Once the line containing "using assms(2) bounded_variation_on_iff" is found in the entries below, restate it and each following line word for word, stopping after the line containing "define \<eta> where".
#####
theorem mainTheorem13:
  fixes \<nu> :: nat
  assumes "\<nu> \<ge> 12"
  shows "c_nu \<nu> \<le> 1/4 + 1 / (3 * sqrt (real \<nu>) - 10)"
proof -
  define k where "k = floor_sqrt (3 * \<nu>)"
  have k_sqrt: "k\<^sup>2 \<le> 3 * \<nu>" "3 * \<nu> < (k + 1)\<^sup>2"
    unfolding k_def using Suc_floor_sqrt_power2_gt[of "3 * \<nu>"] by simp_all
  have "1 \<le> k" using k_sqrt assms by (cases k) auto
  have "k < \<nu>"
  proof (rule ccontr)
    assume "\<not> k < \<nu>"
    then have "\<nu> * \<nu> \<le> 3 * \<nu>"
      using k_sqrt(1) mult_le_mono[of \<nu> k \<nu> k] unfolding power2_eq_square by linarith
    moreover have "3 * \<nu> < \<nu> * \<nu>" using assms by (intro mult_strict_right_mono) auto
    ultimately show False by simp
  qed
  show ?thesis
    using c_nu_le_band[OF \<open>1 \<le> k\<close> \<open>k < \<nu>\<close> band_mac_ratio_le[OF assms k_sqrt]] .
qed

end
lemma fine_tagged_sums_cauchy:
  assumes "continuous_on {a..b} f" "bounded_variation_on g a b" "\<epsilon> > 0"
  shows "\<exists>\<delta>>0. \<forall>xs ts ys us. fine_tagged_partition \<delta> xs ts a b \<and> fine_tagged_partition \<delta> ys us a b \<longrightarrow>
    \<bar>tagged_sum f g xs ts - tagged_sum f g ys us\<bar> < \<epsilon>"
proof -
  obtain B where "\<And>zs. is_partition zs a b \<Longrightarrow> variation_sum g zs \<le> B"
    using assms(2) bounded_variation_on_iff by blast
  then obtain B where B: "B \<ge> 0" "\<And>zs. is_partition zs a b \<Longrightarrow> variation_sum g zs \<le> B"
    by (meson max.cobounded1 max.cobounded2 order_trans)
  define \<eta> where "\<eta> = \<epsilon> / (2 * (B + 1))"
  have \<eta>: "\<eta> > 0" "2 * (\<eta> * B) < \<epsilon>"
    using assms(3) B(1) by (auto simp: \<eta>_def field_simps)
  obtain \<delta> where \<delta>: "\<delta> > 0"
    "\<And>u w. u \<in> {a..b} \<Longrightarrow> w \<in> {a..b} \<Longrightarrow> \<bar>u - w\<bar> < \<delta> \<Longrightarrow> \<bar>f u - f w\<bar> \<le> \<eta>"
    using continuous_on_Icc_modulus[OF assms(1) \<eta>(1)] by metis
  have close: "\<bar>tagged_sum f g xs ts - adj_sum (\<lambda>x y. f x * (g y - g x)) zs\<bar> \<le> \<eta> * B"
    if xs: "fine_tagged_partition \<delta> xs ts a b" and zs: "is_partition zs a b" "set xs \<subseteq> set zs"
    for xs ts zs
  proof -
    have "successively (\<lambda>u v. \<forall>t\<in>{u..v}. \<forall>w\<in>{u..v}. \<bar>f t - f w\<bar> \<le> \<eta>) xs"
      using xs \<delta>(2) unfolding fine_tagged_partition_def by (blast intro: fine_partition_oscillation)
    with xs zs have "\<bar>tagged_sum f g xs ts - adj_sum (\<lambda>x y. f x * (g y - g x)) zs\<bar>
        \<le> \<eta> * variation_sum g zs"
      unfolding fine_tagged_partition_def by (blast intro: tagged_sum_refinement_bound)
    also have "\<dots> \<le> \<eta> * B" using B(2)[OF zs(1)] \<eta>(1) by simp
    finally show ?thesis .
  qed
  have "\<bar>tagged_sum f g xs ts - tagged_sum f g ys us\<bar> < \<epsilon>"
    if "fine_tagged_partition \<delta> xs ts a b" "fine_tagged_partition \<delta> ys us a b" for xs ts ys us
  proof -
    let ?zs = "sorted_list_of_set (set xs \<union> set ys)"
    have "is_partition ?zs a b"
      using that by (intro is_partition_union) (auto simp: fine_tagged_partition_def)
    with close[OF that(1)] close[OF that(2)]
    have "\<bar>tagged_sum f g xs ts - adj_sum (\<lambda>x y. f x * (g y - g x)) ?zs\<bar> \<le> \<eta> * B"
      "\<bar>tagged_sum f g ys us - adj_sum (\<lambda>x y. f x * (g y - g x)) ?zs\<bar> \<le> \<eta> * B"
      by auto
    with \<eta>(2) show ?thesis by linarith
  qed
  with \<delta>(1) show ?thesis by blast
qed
#####
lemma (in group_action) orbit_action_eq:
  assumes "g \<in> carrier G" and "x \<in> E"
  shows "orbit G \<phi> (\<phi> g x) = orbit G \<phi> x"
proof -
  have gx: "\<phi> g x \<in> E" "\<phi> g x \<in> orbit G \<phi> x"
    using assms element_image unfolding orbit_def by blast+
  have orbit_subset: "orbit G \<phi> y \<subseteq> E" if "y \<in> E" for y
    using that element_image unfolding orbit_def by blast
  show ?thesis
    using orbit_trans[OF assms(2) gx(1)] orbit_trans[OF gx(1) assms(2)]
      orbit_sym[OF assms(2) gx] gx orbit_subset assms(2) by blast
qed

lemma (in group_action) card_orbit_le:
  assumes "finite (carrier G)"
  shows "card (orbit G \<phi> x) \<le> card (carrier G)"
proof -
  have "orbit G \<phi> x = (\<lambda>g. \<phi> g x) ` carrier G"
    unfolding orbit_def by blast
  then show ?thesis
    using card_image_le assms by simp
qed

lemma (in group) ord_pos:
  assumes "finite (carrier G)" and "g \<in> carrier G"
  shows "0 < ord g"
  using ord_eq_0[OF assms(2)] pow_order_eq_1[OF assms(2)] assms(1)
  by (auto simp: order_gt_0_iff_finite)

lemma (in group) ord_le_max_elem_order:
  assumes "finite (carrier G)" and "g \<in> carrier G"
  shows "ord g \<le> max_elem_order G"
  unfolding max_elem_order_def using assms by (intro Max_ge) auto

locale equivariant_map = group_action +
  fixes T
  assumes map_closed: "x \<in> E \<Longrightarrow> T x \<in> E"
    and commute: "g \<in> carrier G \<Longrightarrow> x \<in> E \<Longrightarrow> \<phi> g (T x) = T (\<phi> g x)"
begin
#####
→ **Response below**:
    using assms(2) bounded_variation_on_iff by blast
  then obtain B where B: "B \<ge> 0" "\<And>zs. is_partition zs a b \<Longrightarrow> variation_sum g zs \<le> B"
    by (meson max.cobounded1 max.cobounded2 order_trans)
  define \<eta> where "\<eta> = \<epsilon> / (2 * (B + 1))"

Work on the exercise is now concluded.